It's forced off because I have SND_SOC_SOF_PCI [=n].

A few hints an working with menuconfig.

1. Things that cannot be selected are usually hidden.

2. There is a search function. Press / and enter a search term. It only shows selectable items.

That's sub optimal if the thing you want is hidden, so,

3. Press the 'z' key on any menu where 'z' is not a shortcut.

This toggles the display of hidden items. There are lots.

4. Search will now find hidden items. They cannot be selected until the  Depends on: is true but now you can read it. :)

A side effect of this is that you find the kernel symbol you want and read its Depends on:

You got the the thing(s) you need to select and find its hidden too. Trace the  Depends on: and fix it recursively.

----------

## smartding

I finally got the sound working.

It turned out that enabling those config related to "ALSA for SoC audio support" and "Sound Open Firmware Support" wasn't enough.
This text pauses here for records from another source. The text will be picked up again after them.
(* The $b$-coupled spin-oscillator $(M,Z,\omega,F=(L,H))$ is a $b$-integrable system; in particular $\{L,H\}=0$ on all of $M$.
   Context: Fix constants $\rho_1,\rho_2>0$. Let $M=S^2\times\mathbb R^2$, where $S^2\subset\mathbb R^3$ is the unit sphere with coordinates $(x,y,z)$, $x^2+y^2+z^2=1$, and $(u,v)$ are coordinates on $\mathbb R^2$; let $Z=\{z=0\}\times\mathbb R^2$. On $\{|z|<1\}$ use cylindrical coordinates $(\theta,z)$ with $\theta=\arg(x+iy)$; on $\{z\neq0\}$ use $(x,y)$ as coordinates on each open hemisphere. The $b$-symplectic form is $\omega=-\rho_1\,\omega^b_{S^2}+\rho_2\,du\wedge dv$, where $\omega^b_{S^2}=d\theta\wedge\frac{dz}{z}$ on $\{|z|<1\}$ and $\omega^b_{S^2}=\frac{1}{1-x^2-y^2}dx\wedge dy$ on $\{z\ne0\}$. The $b$-coupled spin-oscillator is $F=(L,H)$ with $L=\rho_1\log|z|+\frac{\rho_2}{2}(u^2+v^2)$ and $H=\frac12(xu+yv)$. A $b$-integrable system on a $2n$-dimensional $b$-symplectic manifold $(M,Z,\omega)$ (a manifold with a hypersurface $Z$ and a closed nondegenerate 2-form in the $b$-cotangent bundle, i.e. allowing $\frac{dz}{z}$ terms for a defining function $z$ of $Z$) is an $n$-tuple of $b$-functions (functions locally of the form $c\log|z|+g$, $c\in\mathbb R$, $g$ smooth) that pairwise Poisson-commute for the bracket induced by $\omega$ and whose wedge of differentials, as a $b$-form, is nonzero almost everywhere on $M$ and almost everywhere on $Z$. *)

theory Defs
  imports "HOL-Analysis.Analysis"
begin

text \<open>
  Points of the ambient space R^5 are tuples (x,y,z,u,v); the manifold
  M = S^2 x R^2 is the subset with x^2+y^2+z^2 = 1, and Z = {z = 0}.
  Chart parameters are tuples in R^4.  Functions on M are functions pt => real
  (only their values on M matter).
\<close>

type_synonym pt = "real \<times> real \<times> real \<times> real \<times> real"
type_synonym par = "real \<times> real \<times> real \<times> real"

definition Mset :: "pt set" where
  "Mset = {(x,y,z,u,v). x^2 + y^2 + z^2 = 1}"

definition zc :: "pt \<Rightarrow> real" where
  "zc p = fst (snd (snd p))"

definition Zset :: "pt set" where
  "Zset = {p \<in> Mset. zc p = 0}"

definition cyl :: "par \<Rightarrow> pt" where
  "cyl = (\<lambda>(th,z,u,v). (sqrt (1 - z^2) * cos th, sqrt (1 - z^2) * sin th, z, u, v))"

definition cyl_dom :: "par set" where
  "cyl_dom = {(th,z,u,v). \<bar>z\<bar> < 1}"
I had to enable configs related to following stuff:

1.  Intel soundwire

1. machine driver for skylake (although I'm using tiger lake)

1. intel lpss

----------

## AstroFloyd

@Smartding,

Are you using initramfs (and/or genkernel)?

----------

## smartding

 *AstroFloyd wrote:*   

> @Smartding,
> 
> Are you using initramfs (and/or genkernel)?

 

I build kernel manually with the gentoo-sources pkg, I'm not using initramfs

----------

## AstroFloyd

@Smartding I apologise for the slow response, I was occupied elsewhere.  Thanks for your response, it 'sounds' (haha) promising for my situation.  Would you be willing to paste your kernel config again?  I'm running into the same/a similar problem and seem to be missing something...

Edit: I seem to have found the solution (with external help).  Your info helped me exclude the necessity for genkernel and/or initramfs - thanks for that!

----------